Fundamentals of Photocatalytic Splitting of Water at TiO2 surfaces

Fundamentals of Photocatalytic Splitting of Water at TiO2 surfaces

Since Fujishima and Honda published in 1972 that hydrogen can be produced by photocatalytic splitting of water on a titanium dioxide (TiO2) electrode, it is one of the most promising energy carriers. The energy of the sun is stored in chemical energy. Since 1972 a lot of research has been performed aiming at improving the efficiency of the process. Our research focus here in Mainz is on unravelling the mechanism of the dissociation reaction at the interface at the molecular level.

In the first part of the project we are determine the structure and orientation of water at the TiO2 interface by applying the sum-frequency generation techniques.

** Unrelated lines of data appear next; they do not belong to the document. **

lemma clopen_nbhd_in_totally_disconnected_space:
  assumes "locally_compact_space X" "Hausdorff_space X" "totally_disconnected_space X"
    and "openin X W" "a \<in> W"
  obtains U where "openin X U" "closedin X U" "a \<in> U" "U \<subseteq> W"
proof -
  have a: "a \<in> topspace X"
    using assms(4,5) openin_subset by blast
  obtain c where "connected_component_of_set X a \<subseteq> {c}"
    using assms(3) connectedin_connected_component_of[of X a]
    unfolding totally_disconnected_space_def by blast
  moreover have "a \<in> connected_component_of_set X a"
    using a by (simp add: connected_component_of_refl)
  ultimately have "connected_component_of_set X a = {a}"
    by blast
  then have "{a} \<in> connected_components_of X"
    using connected_component_in_connected_components_of[of X a] a by simp
  moreover have "compactin X {a}"
    using a by simp
  ultimately obtain U V where "openin X U" "openin X V" "disjnt U V" "U \<union> V = topspace X"
      "{a} \<subseteq> U" "U \<subseteq> W"
    using wilder_locally_compact_component_thm[OF assms(1,2)] assms(4,5) by blast
  moreover have "closedin X U"
  proof -
    have "U = topspace X - V"
      using \<open>disjnt U V\<close> \<open>U \<union> V = topspace X\<close> by (auto simp: disjnt_iff)
    then show ?thesis
      using \<open>openin X V\<close> by blast
  qed
  ultimately show ?thesis
    using that by blast
qed

lemma Baire_compact_space_countable_closed_cover:
  assumes "compact_space X" "Hausdorff_space X" "topspace X \<noteq> {}"
    and "countable \<G>" "\<And>S. S \<in> \<G> \<Longrightarrow> closedin X S" "\<Union>\<G> = topspace X"
  obtains S where "S \<in> \<G>" "X interior_of S \<noteq> {}"
proof -
  have lc: "locally_compact_space X"
    using assms(1) by (rule compact_imp_locally_compact_space)
  then have "regular_space X"
    using assms(2) by (rule locally_compact_Hausdorff_imp_regular_space)
  show ?thesis
  proof (rule ccontr)
    assume "\<not> thesis"
    then have "X interior_of \<Union>\<G> = {}"
      using Baire_category_alt[of X \<G>] lc \<open>regular_space X\<close> assms(4,5) that by blast
    with assms(3,6) show False
      by simp
  qed
qed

In sum-frequency generation (SFG) two laser pulses are combined at the interface and the sum-frequency of the two is detected. As this process is a second-order non-linear optical process, it is forbidden in media with centrosymmetry, like bulk water. At any interface the symmetry is broken, making SFG a surface sensitive technique. If, in addition, one of the two incoming beams is an infrared (IR) beam in resonance with a molecular vibration, the SFG signal is strongly enhanced. By tuning the IR frequency, one can record the vibrational spectrum of the outermost monolayer of molecules. In this way molecular specific information can be obtained of an interface or of species at an interface; one can look (probe) directly at an interfacial molecule.

As the surface of titanium dioxide seems to be complex and not straightforward to characterize, it is necessary to understand the vibrational SFG response of water at such surfaces on a fundamental level. With silica and calcium fluoride, we are studying two mineral surfaces which serve as useful model systems and also provide scientific input for how to access physical surface properties such as surface potential, surface charge density and Debye screening length by using SFG. Additionally, we can deduce how water binds to such surfaces and its intermolecular structure differs from layers further away.